Autor*innen: Dr. Birgit Panke-Kochinke, Dirk Blotenberg, Cornelia Jeremias, Anke Kosubek, Gabriele Schütter, Ludger Völker-Gerd   |   Zeitschrift: Pädagogik der Gesundheitsberufe, Hungen   |   Jahrgang: 20   |   Heft: 9   |   Seiten: 1 bis 1   |   Erscheinung: 01.09.2017   |   DOI: 10.3936/30000-1503


Abstract

Vielfach stellen Curricula eher kleinschrittige Handlungsanweisungen dar, indem sie bis ins Detail aufgeschlüsselt Kompetenzen, Inhalte und Methoden vorgeben.

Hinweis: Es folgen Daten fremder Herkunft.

lemma integral_double_integrand_z:
  assumes x: "x > 0" and nu: "Re \<nu> > 0" and a: "Re a > 0"
  shows "integrable lborel (\<lambda>z. double_integrand x \<mu> \<nu> a b y z)"
    and "(\<integral>z. double_integrand x \<mu> \<nu> a b y z \<partial>lborel)
         = (if x < y then Beta a \<nu> * tail_integrand x \<mu> b y else 0)"
    and "(\<integral>z. norm (double_integrand x \<mu> \<nu> a b y z) \<partial>lborel)
         = (if x < y then Beta (Re a) (Re \<nu>) * norm (tail_integrand x \<mu> b y) else 0)"
proof -
  define c where "c = complex_of_real (y - x) powr (\<mu> - 1) * of_real y powr (a - b - \<mu>)"
  have "integrable lborel (\<lambda>z. double_integrand x \<mu> \<nu> a b y z) \<and>
    (\<integral>z. double_integrand x \<mu> \<nu> a b y z \<partial>lborel)
      = (if x < y then Beta a \<nu> * tail_integrand x \<mu> b y else 0) \<and>
    (\<integral>z. norm (double_integrand x \<mu> \<nu> a b y z) \<partial>lborel)
      = (if x < y then Beta (Re a) (Re \<nu>) * norm (tail_integrand x \<mu> b y) else 0)"
  proof (cases "x < y")
    case False
    then have "double_integrand x \<mu> \<nu> a b y = (\<lambda>z. 0)" by (auto simp: double_integrand_def)
    then show ?thesis using False by simp
  next
    case True
    have y: "y > 0" using True x by simp
    have c: "c * of_real y powr (-a) = tail_integrand x \<mu> b y"
      unfolding c_def by (rule tail_integrand_eq_mult_powr)
    have c_norm: "norm c * y powr (- Re a) = norm (tail_integrand x \<mu> b y)"
      using arg_cong[OF c, of norm] y by (simp add: norm_mult norm_powr_real_powr)
    have eq: "double_integrand x \<mu> \<nu> a b y = (\<lambda>z. c * (indicator {y<..} z *\<^sub>R tail_integrand y \<nu> a z))"
      unfolding c_def by (rule double_integrand_eq_tail_integrand[OF True])
    then have eq_norm: "(\<lambda>z. norm (double_integrand x \<mu> \<nu> a b y z))
        = (\<lambda>z. norm c * (indicator {y<..} z *\<^sub>R norm (tail_integrand y \<nu> a z)))"
      by (simp add: norm_mult mult_ac)
    show ?thesis
    proof (intro conjI)
      show "integrable lborel (\<lambda>z. double_integrand x \<mu> \<nu> a b y z)"
        using lborel_tail_integrand(1)[OF y nu a]
        unfolding eq set_integrable_def by (intro integrable_mult_right)
      show "(\<integral>z. double_integrand x \<mu> \<nu> a b y z \<partial>lborel)
            = (if x < y then Beta a \<nu> * tail_integrand x \<mu> b y else 0)"
        using lborel_tail_integrand(2)[OF y nu a] True c
        unfolding eq integral_mult_right_zero set_lebesgue_integral_def by (simp add: mult_ac)
      show "(\<integral>z. norm (double_integrand x \<mu> \<nu> a b y z) \<partial>lborel)
            = (if x < y then Beta (Re a) (Re \<nu>) * norm (tail_integrand x \<mu> b y) else 0)"
        using lborel_norm_tail_integrand(2)[OF y nu a] True c_norm
        unfolding eq_norm integral_mult_right_zero set_lebesgue_integral_def by (simp add: mult_ac)
    qed
  qed
  then show "integrable lborel (\<lambda>z. double_integrand x \<mu> \<nu> a b y z)"
    and "(\<integral>z. double_integrand x \<mu> \<nu> a b y z \<partial>lborel)
         = (if x < y then Beta a \<nu> * tail_integrand x \<mu> b y else 0)"
    and "(\<integral>z. norm (double_integrand x \<mu> \<nu> a b y z) \<partial>lborel)
         = (if x < y then Beta (Re a) (Re \<nu>) * norm (tail_integrand x \<mu> b y) else 0)"
    by blast+
qed

lemma integral_norm_inner_integral_le:
  fixes F :: "real \<Rightarrow> real \<Rightarrow> 'b::{banach, second_countable_topology}"
  assumes F: "integrable (lborel \<Otimes>\<^sub>M lborel) (\<lambda>p. F (fst p) (snd p))"
  shows "(\<integral>z. norm (\<integral>y. F y z \<partial>lborel) \<partial>lborel) \<le> (\<integral>y. (\<integral>z. norm (F y z) \<partial>lborel) \<partial>lborel)"
proof -
  have F': "integrable (lborel \<Otimes>\<^sub>M lborel) (case_prod F)"
    using F by (simp add: case_prod_unfold)
  have F_norm: "integrable (lborel \<Otimes>\<^sub>M lborel) (\<lambda>p. norm (F (fst p) (snd p)))"
    using integrable_norm[OF F] .
  have "(\<integral>z. norm (\<integral>y. F y z \<partial>lborel) \<partial>lborel) \<le> (\<integral>z. (\<integral>y. norm (F y z) \<partial>lborel) \<partial>lborel)"
  proof (rule integral_mono)
    show "integrable lborel (\<lambda>z. norm (\<integral>y. F y z \<partial>lborel))"
      by (intro integrable_norm lborel_pair.integrable_snd[OF F'])
    show "integrable lborel (\<lambda>z. \<integral>y. norm (F y z) \<partial>lborel)"
      using lborel_pair.integrable_snd[of "\<lambda>y z. norm (F y z)"] F_norm
      by (simp add: case_prod_unfold)
  qed (rule integral_norm_bound)
  also have "\<dots> = (\<integral>y. (\<integral>z. norm (F y z) \<partial>lborel) \<partial>lborel)"
    by (rule lborel_pair.Fubini_integral) (use F_norm in \<open>simp add: case_prod_unfold\<close>)
  finally show ?thesis .
qed

theorem integral_double_integrand_inner:
  assumes x: "x > 0" and mu: "Re \<mu> > 0" and nu: "Re \<nu> > 0" and a: "Re a > 0" and b: "Re b > 0"
  defines "D \<equiv> double_integrand x \<mu> \<nu> a b"
  shows "integrable (lborel \<Otimes>\<^sub>M lborel) (\<lambda>p. D (fst p) (snd p))"
    and "integrable lborel (\<lambda>z. \<integral>y. D y z \<partial>lborel)"
    and "(\<integral>z. (\<integral>y. D y z \<partial>lborel) \<partial>lborel) = of_real x powr (-b) * Beta b \<mu> * Beta a \<nu>"
    and "(\<integral>z. norm (\<integral>y. D y z \<partial>lborel) \<partial>lborel)
         \<le> x powr (- Re b) * Beta (Re b) (Re \<mu>) * Beta (Re a) (Re \<nu>)"
proof -
  have inner: "(\<lambda>y. \<integral>z. D y z \<partial>lborel) = (\<lambda>y. Beta a \<nu> * (indicator {x<..} y *\<^sub>R tail_integrand x \<mu> b y))"
    using integral_double_integrand_z(2)[OF x nu a] by (auto simp: D_def indicator_def fun_eq_iff)
  have inner_norm: "(\<lambda>y. \<integral>z. norm (D y z) \<partial>lborel)
      = (\<lambda>y. Beta (Re a) (Re \<nu>) * (indicator {x<..} y *\<^sub>R norm (tail_integrand x \<mu> b y)))"
    using integral_double_integrand_z(3)[OF x nu a] by (auto simp: D_def indicator_def fun_eq_iff)
  show int: "integrable (lborel \<Otimes>\<^sub>M lborel) (\<lambda>p. D (fst p) (snd p))"
  proof (rule lborel_pair.Fubini_integrable)
    show "(\<lambda>p. D (fst p) (snd p)) \<in> borel_measurable (lborel \<Otimes>\<^sub>M lborel)"
      unfolding D_def by (rule double_integrand_measurable)
    show "integrable lborel (\<lambda>y. \<integral>z. norm (D (fst (y, z)) (snd (y, z))) \<partial>lborel)"
      using lborel_norm_tail_integrand(1)[OF x mu b]
      unfolding fst_conv snd_conv inner_norm set_integrable_def by (intro integrable_mult_right)
    show "AE y in lborel. integrable lborel (\<lambda>z. D (fst (y, z)) (snd (y, z)))"
      using integral_double_integrand_z(1)[OF x nu a] by (simp add: D_def)
  qed
  then have int': "integrable (lborel \<Otimes>\<^sub>M lborel) (case_prod D)"
    by (simp add: case_prod_unfold)
  show "integrable lborel (\<lambda>z. \<integral>y. D y z \<partial>lborel)"
    by (rule lborel_pair.integrable_snd[OF int'])
  have "(\<integral>z. (\<integral>y. D y z \<partial>lborel) \<partial>lborel) = (\<integral>y. (\<integral>z. D y z \<partial>lborel) \<partial>lborel)"
    by (rule lborel_pair.Fubini_integral[OF int'])
  also have "\<dots> = Beta a \<nu> * (of_real x powr (-b) * Beta b \<mu>)"
    unfolding inner integral_mult_right_zero
    using lborel_tail_integrand(2)[OF x mu b] by (simp add: set_lebesgue_integral_def)
  finally show "(\<integral>z. (\<integral>y. D y z \<partial>lborel) \<partial>lborel) = of_real x powr (-b) * Beta b \<mu> * Beta a \<nu>"
    by (simp add: mult_ac)
  have "(\<integral>z. norm (\<integral>y. D y z \<partial>lborel) \<partial>lborel) \<le> (\<integral>y. (\<integral>z. norm (D y z) \<partial>lborel) \<partial>lborel)"
    by (rule integral_norm_inner_integral_le[OF int])
  also have "\<dots> = x powr (- Re b) * Beta (Re b) (Re \<mu>) * Beta (Re a) (Re \<nu>)"
    unfolding inner_norm integral_mult_right_zero
    using lborel_norm_tail_integrand(2)[OF x mu b] by (simp add: set_lebesgue_integral_def mult_ac)
  finally show "(\<integral>z. norm (\<integral>y. D y z \<partial>lborel) \<partial>lborel)
                \<le> x powr (- Re b) * Beta (Re b) (Re \<mu>) * Beta (Re a) (Re \<nu>)" .
qed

Dies mag Lehrenden Sicherheit vermitteln, schränkt jedoch didaktische Freiheiten ein und steht im Widerspruch zu professionellem pädagogischen Handeln. In dem modularisierten Curriculum des Schulverbundes Bildung und Pflege in Osnabrück (BiOPs) werden neben Konfliktfeldern und Kompetenzzielen lediglich zentrale Inhaltsfelder benannt. An einem Beispiel wird der Einsatz eines Erschließungsmodells demonstriert, das es Lehrenden ermöglicht, trotzdem in einer variablen Weise eine konkrete Unterrichtsplanung vorzunehmen.